# INSTRUCTIONS FOR THE TASK
Only one stretch of the data is wanted: the line containing "i) = (\<Sum>i\<in>UNIV.", the line containing "(\<Sum>k\<in>UNIV. \<Sum>i\<in>UNIV. cnj", and every line between them, copied exactly.
DATA EXCERPTS: Begin
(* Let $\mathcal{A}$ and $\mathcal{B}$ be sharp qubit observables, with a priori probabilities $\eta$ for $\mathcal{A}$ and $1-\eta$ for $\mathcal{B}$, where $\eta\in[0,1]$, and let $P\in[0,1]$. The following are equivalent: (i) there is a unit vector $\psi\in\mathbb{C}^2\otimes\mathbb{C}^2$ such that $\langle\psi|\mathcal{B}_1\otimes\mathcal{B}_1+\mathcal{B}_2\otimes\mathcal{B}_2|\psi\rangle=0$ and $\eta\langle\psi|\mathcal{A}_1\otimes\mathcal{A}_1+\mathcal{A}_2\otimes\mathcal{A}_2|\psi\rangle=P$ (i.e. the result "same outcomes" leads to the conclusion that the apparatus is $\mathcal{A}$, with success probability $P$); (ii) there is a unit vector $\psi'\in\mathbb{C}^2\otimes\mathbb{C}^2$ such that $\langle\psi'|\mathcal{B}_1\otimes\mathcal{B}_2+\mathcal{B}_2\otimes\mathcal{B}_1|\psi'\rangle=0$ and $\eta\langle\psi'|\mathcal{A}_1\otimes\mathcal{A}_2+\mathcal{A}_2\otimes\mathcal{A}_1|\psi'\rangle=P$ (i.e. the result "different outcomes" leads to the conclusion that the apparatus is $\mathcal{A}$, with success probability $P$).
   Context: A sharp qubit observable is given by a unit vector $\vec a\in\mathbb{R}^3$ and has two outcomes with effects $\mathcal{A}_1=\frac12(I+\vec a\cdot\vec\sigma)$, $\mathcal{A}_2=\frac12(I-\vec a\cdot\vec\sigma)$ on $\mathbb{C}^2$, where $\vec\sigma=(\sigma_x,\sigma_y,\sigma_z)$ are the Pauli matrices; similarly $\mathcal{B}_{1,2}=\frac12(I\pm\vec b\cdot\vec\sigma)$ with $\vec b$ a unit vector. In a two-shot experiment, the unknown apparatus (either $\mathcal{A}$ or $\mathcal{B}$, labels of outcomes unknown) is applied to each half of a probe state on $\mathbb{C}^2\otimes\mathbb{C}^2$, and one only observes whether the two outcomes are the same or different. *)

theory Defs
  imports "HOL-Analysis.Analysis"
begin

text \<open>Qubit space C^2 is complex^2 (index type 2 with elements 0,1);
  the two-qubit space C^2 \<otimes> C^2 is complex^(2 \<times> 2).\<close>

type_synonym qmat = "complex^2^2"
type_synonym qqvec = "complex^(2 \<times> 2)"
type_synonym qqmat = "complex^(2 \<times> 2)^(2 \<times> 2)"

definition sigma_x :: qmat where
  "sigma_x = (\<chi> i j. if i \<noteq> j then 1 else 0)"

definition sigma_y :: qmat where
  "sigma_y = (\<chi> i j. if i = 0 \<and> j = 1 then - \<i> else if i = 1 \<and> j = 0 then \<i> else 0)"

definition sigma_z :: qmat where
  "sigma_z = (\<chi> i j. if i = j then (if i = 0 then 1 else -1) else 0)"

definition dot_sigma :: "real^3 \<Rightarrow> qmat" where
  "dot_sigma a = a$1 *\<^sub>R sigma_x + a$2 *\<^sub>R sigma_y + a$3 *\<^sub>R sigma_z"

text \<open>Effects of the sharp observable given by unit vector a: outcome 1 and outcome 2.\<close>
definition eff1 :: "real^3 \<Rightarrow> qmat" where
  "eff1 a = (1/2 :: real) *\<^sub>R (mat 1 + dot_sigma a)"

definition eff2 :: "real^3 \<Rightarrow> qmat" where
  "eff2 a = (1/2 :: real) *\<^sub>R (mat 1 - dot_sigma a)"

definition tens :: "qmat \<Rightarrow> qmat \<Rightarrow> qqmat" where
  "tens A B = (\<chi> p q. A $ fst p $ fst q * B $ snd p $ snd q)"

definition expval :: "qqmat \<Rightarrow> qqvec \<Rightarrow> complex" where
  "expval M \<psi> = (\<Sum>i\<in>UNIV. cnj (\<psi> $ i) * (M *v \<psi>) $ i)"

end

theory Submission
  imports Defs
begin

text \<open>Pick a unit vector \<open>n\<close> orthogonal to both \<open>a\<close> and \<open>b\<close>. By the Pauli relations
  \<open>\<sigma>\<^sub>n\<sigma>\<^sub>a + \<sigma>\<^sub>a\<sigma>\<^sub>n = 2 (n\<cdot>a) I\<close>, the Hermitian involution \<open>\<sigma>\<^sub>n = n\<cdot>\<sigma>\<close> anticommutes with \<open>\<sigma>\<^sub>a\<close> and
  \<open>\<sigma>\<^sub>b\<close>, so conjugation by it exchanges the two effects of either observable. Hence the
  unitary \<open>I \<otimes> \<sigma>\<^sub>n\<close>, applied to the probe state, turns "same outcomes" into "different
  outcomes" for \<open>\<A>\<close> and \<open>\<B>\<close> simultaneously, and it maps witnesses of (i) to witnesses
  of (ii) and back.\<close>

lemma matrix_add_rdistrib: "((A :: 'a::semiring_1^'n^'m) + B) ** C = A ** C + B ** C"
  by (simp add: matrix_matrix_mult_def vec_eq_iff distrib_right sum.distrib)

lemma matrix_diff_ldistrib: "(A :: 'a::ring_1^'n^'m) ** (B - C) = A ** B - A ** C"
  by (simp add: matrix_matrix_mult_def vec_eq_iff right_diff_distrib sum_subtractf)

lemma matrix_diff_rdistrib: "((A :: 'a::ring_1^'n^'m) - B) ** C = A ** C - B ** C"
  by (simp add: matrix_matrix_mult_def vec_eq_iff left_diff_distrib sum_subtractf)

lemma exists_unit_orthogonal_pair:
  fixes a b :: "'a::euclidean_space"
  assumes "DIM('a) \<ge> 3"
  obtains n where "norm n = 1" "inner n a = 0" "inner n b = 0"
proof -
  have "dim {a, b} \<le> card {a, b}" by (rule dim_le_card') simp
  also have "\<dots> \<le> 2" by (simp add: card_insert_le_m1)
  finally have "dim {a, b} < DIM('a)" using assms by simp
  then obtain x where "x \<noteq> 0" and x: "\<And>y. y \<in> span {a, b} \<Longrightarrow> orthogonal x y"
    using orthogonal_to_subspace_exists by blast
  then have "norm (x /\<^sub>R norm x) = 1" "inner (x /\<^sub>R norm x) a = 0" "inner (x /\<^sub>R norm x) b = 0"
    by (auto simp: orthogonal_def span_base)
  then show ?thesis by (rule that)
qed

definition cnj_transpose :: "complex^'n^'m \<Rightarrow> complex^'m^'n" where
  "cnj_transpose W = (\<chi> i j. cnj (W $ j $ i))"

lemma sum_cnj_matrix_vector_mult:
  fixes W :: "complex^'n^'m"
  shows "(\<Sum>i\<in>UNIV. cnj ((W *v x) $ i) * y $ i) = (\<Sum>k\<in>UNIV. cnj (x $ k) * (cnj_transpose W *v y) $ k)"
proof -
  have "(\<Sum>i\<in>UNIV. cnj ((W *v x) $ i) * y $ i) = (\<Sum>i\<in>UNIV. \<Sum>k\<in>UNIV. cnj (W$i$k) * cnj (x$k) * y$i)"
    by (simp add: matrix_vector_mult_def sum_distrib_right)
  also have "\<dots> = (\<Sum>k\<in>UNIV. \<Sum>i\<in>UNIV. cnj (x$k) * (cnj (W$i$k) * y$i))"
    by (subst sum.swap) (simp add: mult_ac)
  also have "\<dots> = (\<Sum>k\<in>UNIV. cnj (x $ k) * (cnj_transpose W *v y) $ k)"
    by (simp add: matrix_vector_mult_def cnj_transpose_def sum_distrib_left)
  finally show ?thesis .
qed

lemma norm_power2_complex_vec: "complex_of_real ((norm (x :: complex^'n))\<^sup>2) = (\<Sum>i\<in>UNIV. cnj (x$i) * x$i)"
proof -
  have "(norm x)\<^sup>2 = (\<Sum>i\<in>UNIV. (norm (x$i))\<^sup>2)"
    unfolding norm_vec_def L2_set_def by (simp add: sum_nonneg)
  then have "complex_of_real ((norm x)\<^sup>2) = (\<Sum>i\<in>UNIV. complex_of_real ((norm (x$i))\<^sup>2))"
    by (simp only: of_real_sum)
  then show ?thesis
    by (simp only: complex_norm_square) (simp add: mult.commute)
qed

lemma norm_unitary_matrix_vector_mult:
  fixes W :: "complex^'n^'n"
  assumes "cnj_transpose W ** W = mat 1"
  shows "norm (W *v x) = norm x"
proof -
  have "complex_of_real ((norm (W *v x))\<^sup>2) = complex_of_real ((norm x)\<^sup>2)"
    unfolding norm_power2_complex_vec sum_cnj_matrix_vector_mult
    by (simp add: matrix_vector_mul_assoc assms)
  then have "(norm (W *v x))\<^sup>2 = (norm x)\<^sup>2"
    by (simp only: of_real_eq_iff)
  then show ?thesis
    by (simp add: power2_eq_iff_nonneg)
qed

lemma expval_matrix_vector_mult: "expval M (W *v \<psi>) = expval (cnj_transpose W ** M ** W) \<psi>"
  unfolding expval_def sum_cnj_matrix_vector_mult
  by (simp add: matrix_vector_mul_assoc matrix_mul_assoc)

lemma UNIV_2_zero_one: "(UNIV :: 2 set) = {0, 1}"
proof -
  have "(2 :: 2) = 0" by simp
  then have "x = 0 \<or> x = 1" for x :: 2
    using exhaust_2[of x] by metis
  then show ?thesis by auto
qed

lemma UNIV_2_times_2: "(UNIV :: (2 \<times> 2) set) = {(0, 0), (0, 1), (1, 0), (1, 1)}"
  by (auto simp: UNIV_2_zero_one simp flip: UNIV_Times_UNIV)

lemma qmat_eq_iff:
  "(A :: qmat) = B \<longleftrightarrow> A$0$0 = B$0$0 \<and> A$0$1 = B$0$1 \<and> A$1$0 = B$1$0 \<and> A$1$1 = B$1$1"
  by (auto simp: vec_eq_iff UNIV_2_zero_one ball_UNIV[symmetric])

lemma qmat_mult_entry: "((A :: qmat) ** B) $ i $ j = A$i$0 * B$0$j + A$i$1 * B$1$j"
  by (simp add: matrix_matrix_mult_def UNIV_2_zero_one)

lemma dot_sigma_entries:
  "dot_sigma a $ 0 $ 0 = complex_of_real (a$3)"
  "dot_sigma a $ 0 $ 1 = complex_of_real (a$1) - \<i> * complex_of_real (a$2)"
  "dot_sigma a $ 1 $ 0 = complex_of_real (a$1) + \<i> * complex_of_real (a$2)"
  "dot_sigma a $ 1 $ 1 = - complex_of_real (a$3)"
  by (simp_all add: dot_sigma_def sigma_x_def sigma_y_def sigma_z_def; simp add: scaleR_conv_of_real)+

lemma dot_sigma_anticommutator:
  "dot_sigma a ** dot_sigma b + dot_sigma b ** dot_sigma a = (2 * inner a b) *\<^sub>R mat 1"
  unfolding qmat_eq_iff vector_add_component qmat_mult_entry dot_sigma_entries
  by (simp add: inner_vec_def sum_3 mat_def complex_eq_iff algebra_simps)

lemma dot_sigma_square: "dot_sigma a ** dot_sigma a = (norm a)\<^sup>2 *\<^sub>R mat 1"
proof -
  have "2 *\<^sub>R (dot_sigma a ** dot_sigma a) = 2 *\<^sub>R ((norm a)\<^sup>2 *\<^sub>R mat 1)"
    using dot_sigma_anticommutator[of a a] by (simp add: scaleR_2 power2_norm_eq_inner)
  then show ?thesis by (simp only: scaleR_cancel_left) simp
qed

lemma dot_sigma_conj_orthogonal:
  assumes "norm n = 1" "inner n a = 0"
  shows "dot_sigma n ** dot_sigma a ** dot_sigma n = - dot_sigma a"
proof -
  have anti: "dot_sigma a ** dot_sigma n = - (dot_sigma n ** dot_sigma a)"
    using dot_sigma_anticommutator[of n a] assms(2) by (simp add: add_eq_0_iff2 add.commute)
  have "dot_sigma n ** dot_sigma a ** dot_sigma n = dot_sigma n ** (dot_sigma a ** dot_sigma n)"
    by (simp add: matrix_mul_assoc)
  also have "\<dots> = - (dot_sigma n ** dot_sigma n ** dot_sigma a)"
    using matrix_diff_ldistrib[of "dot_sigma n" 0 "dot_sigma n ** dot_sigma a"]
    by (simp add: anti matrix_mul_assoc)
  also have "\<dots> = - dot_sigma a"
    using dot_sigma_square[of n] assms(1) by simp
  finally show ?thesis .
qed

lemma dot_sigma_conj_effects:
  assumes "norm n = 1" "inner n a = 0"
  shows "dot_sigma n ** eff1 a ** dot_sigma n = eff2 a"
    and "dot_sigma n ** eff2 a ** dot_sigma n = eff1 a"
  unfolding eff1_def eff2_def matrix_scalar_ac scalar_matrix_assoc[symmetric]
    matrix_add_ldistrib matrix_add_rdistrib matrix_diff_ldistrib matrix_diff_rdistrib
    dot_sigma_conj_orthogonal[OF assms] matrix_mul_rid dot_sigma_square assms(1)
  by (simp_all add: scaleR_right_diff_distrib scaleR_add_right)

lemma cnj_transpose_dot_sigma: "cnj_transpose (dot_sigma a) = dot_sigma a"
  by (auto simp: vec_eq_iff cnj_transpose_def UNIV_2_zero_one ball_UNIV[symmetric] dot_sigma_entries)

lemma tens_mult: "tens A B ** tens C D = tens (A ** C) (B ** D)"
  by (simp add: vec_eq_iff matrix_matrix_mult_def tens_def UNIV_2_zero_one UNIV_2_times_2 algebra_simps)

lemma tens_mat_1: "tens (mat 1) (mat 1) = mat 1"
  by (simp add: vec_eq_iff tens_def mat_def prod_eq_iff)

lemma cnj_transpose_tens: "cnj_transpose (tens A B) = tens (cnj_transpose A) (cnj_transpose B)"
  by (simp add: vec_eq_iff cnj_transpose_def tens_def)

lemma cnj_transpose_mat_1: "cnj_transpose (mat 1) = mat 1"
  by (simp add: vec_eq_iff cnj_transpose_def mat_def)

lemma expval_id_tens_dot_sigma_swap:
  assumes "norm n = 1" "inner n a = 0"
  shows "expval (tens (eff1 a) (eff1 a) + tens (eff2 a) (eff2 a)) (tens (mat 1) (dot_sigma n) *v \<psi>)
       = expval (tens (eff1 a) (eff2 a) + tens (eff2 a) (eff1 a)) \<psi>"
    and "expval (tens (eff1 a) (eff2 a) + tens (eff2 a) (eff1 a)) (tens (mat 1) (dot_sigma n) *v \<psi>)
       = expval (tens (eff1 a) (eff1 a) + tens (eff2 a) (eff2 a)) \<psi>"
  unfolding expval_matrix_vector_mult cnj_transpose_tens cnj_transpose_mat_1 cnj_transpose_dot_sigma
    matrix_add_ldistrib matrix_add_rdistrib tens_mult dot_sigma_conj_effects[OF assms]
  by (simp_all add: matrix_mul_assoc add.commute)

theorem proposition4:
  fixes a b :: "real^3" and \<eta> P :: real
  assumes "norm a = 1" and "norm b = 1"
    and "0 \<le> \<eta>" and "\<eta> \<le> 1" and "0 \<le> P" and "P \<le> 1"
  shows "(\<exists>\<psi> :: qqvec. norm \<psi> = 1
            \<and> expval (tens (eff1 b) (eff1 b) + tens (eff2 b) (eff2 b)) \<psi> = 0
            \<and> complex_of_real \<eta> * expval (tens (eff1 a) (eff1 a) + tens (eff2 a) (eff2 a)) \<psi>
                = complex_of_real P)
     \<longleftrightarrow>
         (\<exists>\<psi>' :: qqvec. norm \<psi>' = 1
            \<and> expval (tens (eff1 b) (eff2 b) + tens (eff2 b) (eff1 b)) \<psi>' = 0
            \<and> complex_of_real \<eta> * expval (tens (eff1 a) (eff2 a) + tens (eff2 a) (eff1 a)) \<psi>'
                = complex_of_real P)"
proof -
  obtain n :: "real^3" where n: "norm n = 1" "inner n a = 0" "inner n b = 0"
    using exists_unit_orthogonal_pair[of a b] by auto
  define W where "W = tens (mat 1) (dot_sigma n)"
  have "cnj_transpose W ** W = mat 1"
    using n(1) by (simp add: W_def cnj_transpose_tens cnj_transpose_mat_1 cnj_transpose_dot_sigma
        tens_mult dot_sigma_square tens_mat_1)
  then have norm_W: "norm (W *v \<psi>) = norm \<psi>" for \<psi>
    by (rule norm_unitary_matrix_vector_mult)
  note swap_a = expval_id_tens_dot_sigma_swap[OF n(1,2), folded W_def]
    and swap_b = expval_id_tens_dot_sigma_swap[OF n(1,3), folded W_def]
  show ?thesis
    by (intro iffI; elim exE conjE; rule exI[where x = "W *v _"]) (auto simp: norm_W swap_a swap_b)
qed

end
DATA EXCERPTS: End
# RESULT OF THE TASK
  have "(\<Sum>i\<in>UNIV. cnj ((W *v x) $ i) * y $ i) = (\<Sum>i\<in>UNIV. \<Sum>k\<in>UNIV. cnj (W$i$k) * cnj (x$k) * y$i)"
    by (simp add: matrix_vector_mult_def sum_distrib_right)
  also have "\<dots> = (\<Sum>k\<in>UNIV. \<Sum>i\<in>UNIV. cnj (x$k) * (cnj (W$i$k) * y$i))"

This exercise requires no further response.